Duke of Cambridge visit to RAF Coningsby

As well as Coningsby’s NATO Quick Reaction Alert (QRA) role, the base trains Typhoon pilots and William met with trainees as he visited 29 Squadron.

The duke spent a week based at RAF Coningsby in 2008 as he was given an introduction to the three branches of the armed forces.

He is now Honorary Air Commandant of the base.

The duke asked a group of children at the base’s new engagement centre if they wanted to be pilots in the RAF.

When one girl replied that she wanted to be an engineer, William said: “Music to my ears. That’s fantastic. We need lots more girls as engineers. They’re very, very good.”

After watching as the children, all from local primary schools, competed to design and build a device for successfully parachuting an egg, he giggled as he was presented with a gift of a school tea-towel.

The duke laughed at the children’s drawings of the class and their teachers on the towel.

He joked: “Do the teachers come off lightly… no they don’t.”

And he thanked nine-year-old Ruby Brown, from Tattershall Holy Trinity CofE Primary School, who presented him with a picture of him, the Duchess of Cambridge and their two children.

He said: “Is that me and is that Kate? That’s a lovely drawing. Thanks very much.”

Ruby said: “It was of Prince William, Princess Kate, Prince George and Princess Charlotte. I thought it might be nice. I thought he would like it and he could give it to his children.”

She said: “It was quite nerve-racking because you don’t normally find a prince walking around day-by-day.”

William chatted to another group of children about football, reminding them he was an Aston Villa fan.

He told one girl: “Norwich? Norwich is a good football team.”

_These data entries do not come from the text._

lemma decided_Imp:
  assumes "decided \<Gamma> A" and "decided \<Gamma> B"
  shows "decided \<Gamma> (Imp A B)"
proof (cases "sc \<Theta> ok side (insert A \<Gamma>) {} \<or> sc \<Theta> ok side \<Gamma> {B}")
  case True
  then have "sc \<Theta> ok side (insert A \<Gamma>) (insert B {})"
    by (metis sc.weak subset_insertI order_refl empty_subsetI)
  then have "sc \<Theta> ok side \<Gamma> {Imp A B}" by (rule sc.impR)
  then show ?thesis unfolding decided_def ..
next
  case False
  with assms have "sc \<Theta> ok side \<Gamma> {A}" "sc \<Theta> ok side (insert B \<Gamma>) {}"
    unfolding decided_def using sc_refute_inv by blast+
  then have "sc \<Theta> ok side (insert (Imp A B) \<Gamma>) {}" by (rule sc.impL)
  then show ?thesis unfolding decided_def by (simp add: sc_refute)
qed

text \<open>The modal case: the Box rules can be applied to \<open>Box p\<close>, whatever \<open>p\<close> is, since
  the decision depends only on which rule antecedents belong to the context.\<close>
lemma decided_Box:
  assumes complete: "prop_complete \<Gamma>" and "ok p"
  shows "decided \<Gamma> (Box p)"
proof (cases "\<exists>S. finite S \<and> S \<subseteq> \<Theta> \<and> side p (emb ` snd ` S) \<and> emb ` fst ` S \<subseteq> \<Gamma>")
  case True
  then obtain S where S: "finite S" "S \<subseteq> \<Theta>" "side p (emb ` snd ` S)" "emb ` fst ` S \<subseteq> \<Gamma>"
    by blast
  obtain rs where rs: "set rs = S" using finite_list[OF S(1)] by blast
  have "sc \<Theta> ok side \<Gamma> (insert (Conj (map (emb \<circ> fst) rs)) {})"
    using sc_Conj[of "map (emb \<circ> fst) rs" \<Gamma>] rs S(4) by auto
  then have "sc \<Theta> ok side \<Gamma> {Box p}"
    using sc.boxR[of ok p rs \<Theta> side \<Gamma> "{}"] \<open>ok p\<close> rs S(2,3) by simp
  then show ?thesis unfolding decided_def ..
next
  case False
  have "sc \<Theta> ok side (\<Gamma> \<union> emb ` fst ` S) {}"
    if "finite S \<and> S \<subseteq> \<Theta> \<and> side p (emb ` snd ` S)" for S
  proof -
    from False that obtain \<phi> where "emb \<phi> \<in> emb ` fst ` S" "emb \<phi> \<notin> \<Gamma>" by blast
    with complete have "Neg (emb \<phi>) \<in> \<Gamma>" unfolding prop_complete_def by blast
    with \<open>emb \<phi> \<in> emb ` fst ` S\<close> show ?thesis
      by (intro sc_contradiction[of "emb \<phi>"]) auto
  qed
  then have "sc \<Theta> ok side (insert (Box p) \<Gamma>) {}"
    using \<open>ok p\<close> by (intro sc.boxL) auto
  then show ?thesis unfolding decided_def by (simp add: sc_refute)
qed

lemma prop_complete_decides:
  assumes "prop_complete \<Gamma>" and "\<And>q. ok q"
  shows "decided \<Gamma> p"
proof (induction p)
  case (Atom a)
  show ?case using assms(1) by (rule decided_Atom)
next
  case (Box p)
  show ?case using assms by (intro decided_Box)
qed (auto intro: decided_Bot decided_Top decided_Neg decided_And decided_Or decided_Imp)

end

lemma model_prop_complete:
  assumes "M \<in> models"
  shows "prop_complete (emb ` M)"
proof -
  from assms obtain v where M: "M = {\<phi>. peval v \<phi>}" unfolding models_def by blast
  have "emb \<phi> \<in> emb ` M \<or> emb (PNeg \<phi>) \<in> emb ` M" for \<phi>
  proof (cases "peval v \<phi>")
    case True
    then show ?thesis unfolding M by blast
  next
    case False
    then have "PNeg \<phi> \<in> M" unfolding M by simp
    then show ?thesis by blast
  qed
  then show ?thesis unfolding prop_complete_def by simp
qed

theorem mainTheorem13:
  fixes \<Theta> :: "'a ctheory" and M :: "'a pform set" and p :: "'a mform"
  assumes "M \<in> models"
  shows "derivable \<Theta> (emb ` M) {p} \<or> derivable \<Theta> (emb ` M) {Neg p}"
  using prop_complete_decides[OF model_prop_complete[OF assms]]
  unfolding derivable_def decided_def by simp

end
lemma rdiv_frame_eq_structure_consts:
  fixes E :: "nat \<Rightarrow> real^3 \<Rightarrow> real^3" and C :: "nat \<Rightarrow> nat \<Rightarrow> nat \<Rightarrow> real"
  assumes U: "open U" "x \<in> U" and diff: "\<forall>i\<in>{1,2,3}. E i differentiable_on U"
    and vol: "\<forall>y\<in>U. sqrt (det (g y)) * (E 1 y \<bullet> (E 2 y \<times> E 3 y)) = 1"
    and C21: "lie (E 2) (E 1) x = (\<Sum>k\<in>{1,2,3}. C 2 1 k *\<^sub>R E k x)"
    and C31: "lie (E 3) (E 1) x = (\<Sum>k\<in>{1,2,3}. C 3 1 k *\<^sub>R E k x)"
  shows "rdiv g (E 1) x = C 2 1 2 + C 3 1 3"
proof -
  have "rdiv g (E 1) x * (E 1 x \<bullet> (E 2 x \<times> E 3 x)) = (C 2 1 2 + C 3 1 3) * (E 1 x \<bullet> (E 2 x \<times> E 3 x))"
    using rdiv_mult_triple_eq_lie[OF U _ _ _ vol] diff
    unfolding C21 C31 inner_cross_frame_sum[where e = "\<lambda>k. E k x"] by (simp add: distrib_right)
  moreover have "E 1 x \<bullet> (E 2 x \<times> E 3 x) \<noteq> 0" using vol U(2) by force
  ultimately show ?thesis by simp
qed
(* Let $(X,d,\mu)$ be a metric measure space, $Y$ a complete metric space, $p\ge1$ and let $u\in N^{1,p}_{loc}(X,Y)$ be continuous. If $\gamma:[a,b]\to X$ is $(u,p)$-regular and $a\le t\le s\le b$, then $\gamma|_{[t,s]}$ is $(u,p)$-regular and $\ell_{u,p}(\gamma)=\ell(u\circ\gamma)$.
   Context: A metric measure space is a proper metric space with a Borel regular outer measure positive and finite on balls. $\operatorname{Mod}_p\Gamma=\inf\int\rho^pd\mu$ over Borel $\rho\ge0$ with $\int_\gamma\rho\ge1$ on $\Gamma$. For Lipschitz curves $\alpha,\beta$ on the same interval let $d_\infty(\alpha,\beta)=\sup_td(\alpha(t),\beta(t))$ and $B(\gamma,\delta)$ the open $d_\infty$-ball of Lipschitz curves. For a family $\Gamma$ of Lipschitz curves, $ess\ell_{u,p}(\Gamma):=\sup_{\operatorname{Mod}_p\Gamma_0=0}\inf\{\ell(u\circ\gamma):\gamma\in\Gamma\setminus\Gamma_0\}$ ($\inf\emptyset=\infty$). A Lipschitz curve $\gamma$ is $(u,p)$-regular if $u\circ\gamma$ is absolutely continuous and $ess\ell_{u,p}B(\gamma,\delta)\le\ell(u\circ\gamma)$ for every $\delta>0$. With $\Gamma(E,F)$ the Lipschitz curves $[0,1]\to X$ from $E$ to $F$, let $d'_{u,p}(x,y):=\lim_{\delta\to0}ess\ell_{u,p}\Gamma(\bar B(x,\delta),\bar B(y,\delta))$ and $d_{u,p}(x,y):=\inf\{\sum_{i=1}^nd'_{u,p}(x_{i-1},x_i):x_0=x,x_n=y\}$, the largest pseudometric $\le d'_{u,p}$. $\ell_{u,p}(\gamma)$ denotes the length of $\gamma$ with respect to $d_{u,p}$. *)

theory Defs
  imports "HOL-Analysis.Analysis" "HOL-Library.Extended_Nonnegative_Real"
begin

The children were in the new Engagement Centre where the duke was also shown a heritage display about the history of the station and the rest of the education unit which aims to engage local children in science and engineering.

He completed his day at Coningsby – which was partly aimed at promoting the RAF’s 100-year anniversary aims of “commemorate, celebrate and inspire” – by watching a spectacular display over the airfield from one of the Typhoons.